Grâce à la densité de leur museau, plusieurs de ces crânes étaient remarquablement bien conservés malgré leur long séjour au fond de l'océan. Au fil des siècles, bon nombre des crânes ont également été recouverts de croûtes noires de ferromanganèse, un composé qui se précipite à partir de l'eau de mer. Stephen Godfrey compare cette croûte minérale à un « sarcophage » protecteur qui conserve le crâne.
Certains des crânes appartenaient à deux espèces modernes de baleines à bec : la baleine à bec d'Andrews (Mesoplodon bowdoini) et la baleine à bec de Layard (Mesoplodon layardii). Parmi les espèces de baleines à bec éteintes, les scientifiques en ont identifié et nommé une nouvelle : Pterocetus diamantinae, qui vivait il y a 5,3 millions d'années. Dans le cadre de futures études, ces spécimens de baleines à bec pourraient aider les chercheurs à mieux comprendre comment ce groupe insaisissable de mammifères marins des profondeurs a développé son mode de vie extrême.
POURQUOI TANT DE BALEINES SONT-ELLES MORTES ICI ?
Les scientifiques pensent que la présence abondante de carcasses de baleines dans la zone de Diamantina s'explique par sa situation géographique et sa profondeur. Cette partie de l'océan Indien se trouve le long des routes migratoires de plusieurs espèces de baleines à fanons, et les calamars et poissons présents dans ces eaux profondes attirent également les baleines à bec. Certains de ces cétacés sont probablement morts pendant leurs expéditions de chasse dans les fosses marines de la région, qui se trouvent en dessous de leur profondeur maximale de plongée. Une fois qu'ils ont succombé à l'épuisement ou à un accident de décompression, leurs squelettes ont coulé et se sont accumulés dans les fosses en forme de V pendant des millions d'années.

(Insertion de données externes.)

(* The diameter of $CK(2,4)$ is $7$. The diameter of $CK(2,3)$ is infinite, and for every $\ell\ge 5$ the diameter of $CK(2,\ell)$ is infinite (i.e. these digraphs are not strongly connected).
   Context: $CK(2,\ell)$ has as vertices all sequences $a_1\ldots a_\ell\in\{0,1,2\}^\ell$ with $a_i\neq a_{i+1}$ for $1\le i\le\ell-1$ and $a_1\ne a_\ell$, and an arc from $a_1\ldots a_\ell$ to $b_1\ldots b_\ell$ iff both are vertices and $b_i=a_{i+1}$ for $1\le i\le \ell-1$. The diameter is the maximum over ordered pairs $(u,v)$ of vertices of the length of a shortest directed $u$–$v$ path, and is infinite if some such path does not exist. *)

theory Defs
  imports Main "HOL-Library.Extended_Nat"
begin

definition ck_vert :: "nat \<Rightarrow> nat list \<Rightarrow> bool" where
  "ck_vert l a \<longleftrightarrow> length a = l \<and> set a \<subseteq> {0,1,2}
     \<and> (\<forall>i. Suc i < l \<longrightarrow> a ! i \<noteq> a ! Suc i)
     \<and> a ! 0 \<noteq> a ! (l - 1)"

definition ck_arc :: "nat \<Rightarrow> nat list \<Rightarrow> nat list \<Rightarrow> bool" where
  "ck_arc l a b \<longleftrightarrow> ck_vert l a \<and> ck_vert l b
     \<and> (\<forall>i. Suc i < l \<longrightarrow> b ! i = a ! Suc i)"

definition ck_dist :: "nat \<Rightarrow> nat list \<Rightarrow> nat list \<Rightarrow> enat" where
  "ck_dist l u v = (if \<exists>n. (ck_arc l ^^ n) u v
                    then enat (LEAST n. (ck_arc l ^^ n) u v) else \<infinity>)"

definition ck_diameter :: "nat \<Rightarrow> enat" where
  "ck_diameter l = (SUP p \<in> {(u, v). ck_vert l u \<and> ck_vert l v}. ck_dist l (fst p) (snd p))"

end

theory Submission
  imports Defs
begin

text \<open>Read a vertex as a closed walk on the triangle 0, 1, 2: each letter-to-letter step, including
  the wrap-around from the last letter to the first, goes one way (+1) or the other (-1) round the
  triangle. Along an arc the walk loses one letter x between its neighbours p and q and gains a letter
  y between the same neighbours, and the detour p, x, q winds as much as p, y, q. So the winding number
  is invariant along walks in CK(2,l). For l = 3 and l \<ge> 5 there is a vertex of non-zero winding
  number (e.g. 012, 012012, padded by 01 blocks); its reversal has the opposite winding number and
  cannot be reached from it. For l = 4, breadth-first search from each of the 18 vertices reaches
  every vertex within 7 steps, while 2101 is not reached from 0102 within 6.\<close>

definition step :: "nat \<Rightarrow> nat \<Rightarrow> int" where
  "step x y = (if y = Suc x mod 3 then 1 else -1)"

fun step_sum :: "nat list \<Rightarrow> int" where
  "step_sum (x # y # r) = step x y + step_sum (y # r)"
| "step_sum _ = 0"

definition winding :: "nat list \<Rightarrow> int" where
  "winding a = step_sum (a @ [hd a])"

lemma step_swap:
  assumes "x \<in> {0,1,2}" "y \<in> {0,1,2}" "x \<noteq> y"
  shows "step y x = - step x y"
  using assms by (simp add: step_def) (elim disjE; simp)

lemma step_detour:
  assumes "{p, q, x, y} \<subseteq> {0,1,2}" "x \<notin> {p, q}" "y \<notin> {p, q}"
  shows "step p x + step x q = step p y + step y q"
  using assms by (simp add: step_def) (elim conjE disjE; simp)

lemma step_sum_append: "step_sum (xs @ y # ys) = step_sum (xs @ [y]) + step_sum (y # ys)"
  by (induction xs rule: step_sum.induct) auto

lemma step_sum_Cons: "t \<noteq> [] \<Longrightarrow> step_sum (x # t) = step x (hd t) + step_sum t"
  by (cases t) auto

lemma step_sum_snoc: "t \<noteq> [] \<Longrightarrow> step_sum (t @ [y]) = step_sum t + step (last t) y"
  by (induction t rule: step_sum.induct) auto

lemma step_sum_rev:
  "distinct_adj xs \<Longrightarrow> set xs \<subseteq> {0,1,2} \<Longrightarrow> step_sum (rev xs) = - step_sum xs"
proof (induction xs rule: step_sum.induct)
  case (1 x y r)
  have "step_sum (rev (x # y # r)) = step_sum (rev (y # r)) + step y x"
    using step_sum_append[of "rev r" y "[x]"] by simp
  then show ?case using 1 step_swap[of x y] by simp
qed auto

lemma ck_vert_iff:
  "ck_vert l a \<longleftrightarrow> length a = l \<and> set a \<subseteq> {0,1,2} \<and> distinct_adj a \<and> a \<noteq> [] \<and> hd a \<noteq> last a"
proof (cases "a = []")
  case False
  then have "a ! 0 = hd a" "a ! (length a - 1) = last a"
    by (simp_all add: hd_conv_nth last_conv_nth)
  then show ?thesis unfolding ck_vert_def distinct_adj_conv_nth by auto
qed (cases l; simp add: ck_vert_def)

lemma ck_vert_length:
  assumes "ck_vert l a"
  shows "2 \<le> l"
proof (rule ccontr)
  assume "\<not> 2 \<le> l"
  moreover have "length a = l" "a \<noteq> []" "hd a \<noteq> last a" using assms by (simp_all add: ck_vert_iff)
  ultimately show False by (cases a) (auto simp: Suc_le_eq split: if_splits)
qed

lemma shifted_iff_butlast_eq_tl:
  assumes "length a = l" "length b = l"
  shows "(\<forall>i. Suc i < l \<longrightarrow> b ! i = a ! Suc i) \<longleftrightarrow> butlast b = tl a"
proof
  assume "\<forall>i. Suc i < l \<longrightarrow> b ! i = a ! Suc i"
  then show "butlast b = tl a"
    using assms by (intro nth_equalityI) (auto simp: nth_butlast nth_tl)
next
  assume shift: "butlast b = tl a"
  show "\<forall>i. Suc i < l \<longrightarrow> b ! i = a ! Suc i"
  proof (intro allI impI)
    fix i assume "Suc i < l"
    then have "b ! i = butlast b ! i" "tl a ! i = a ! Suc i"
      using assms by (simp_all add: nth_butlast nth_tl)
    then show "b ! i = a ! Suc i" using shift by simp
  qed
qed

L'équipe de chercheurs soupçonne que des accumulations similaires d'ossements anciens existent probablement dans d'autres zones où se rassemblent les baleines à bec, notamment dans les eaux profondes au large des côtes d'Afrique du Sud et de la péninsule ibérique.
Stephen Godfrey pense que cette découverte inspirera d'autres chercheurs à explorer ces profondeurs à la recherche d'autres nécropoles de baleines. « Il n'y a aucune raison pour qu'il n'existe pas de carcasses de baleines similaires dans d'autres fosses », affirme-t-il. Et qui sait combien de nouvelles espèces ces cryptes de cétacés encore inconnues pourraient abriter.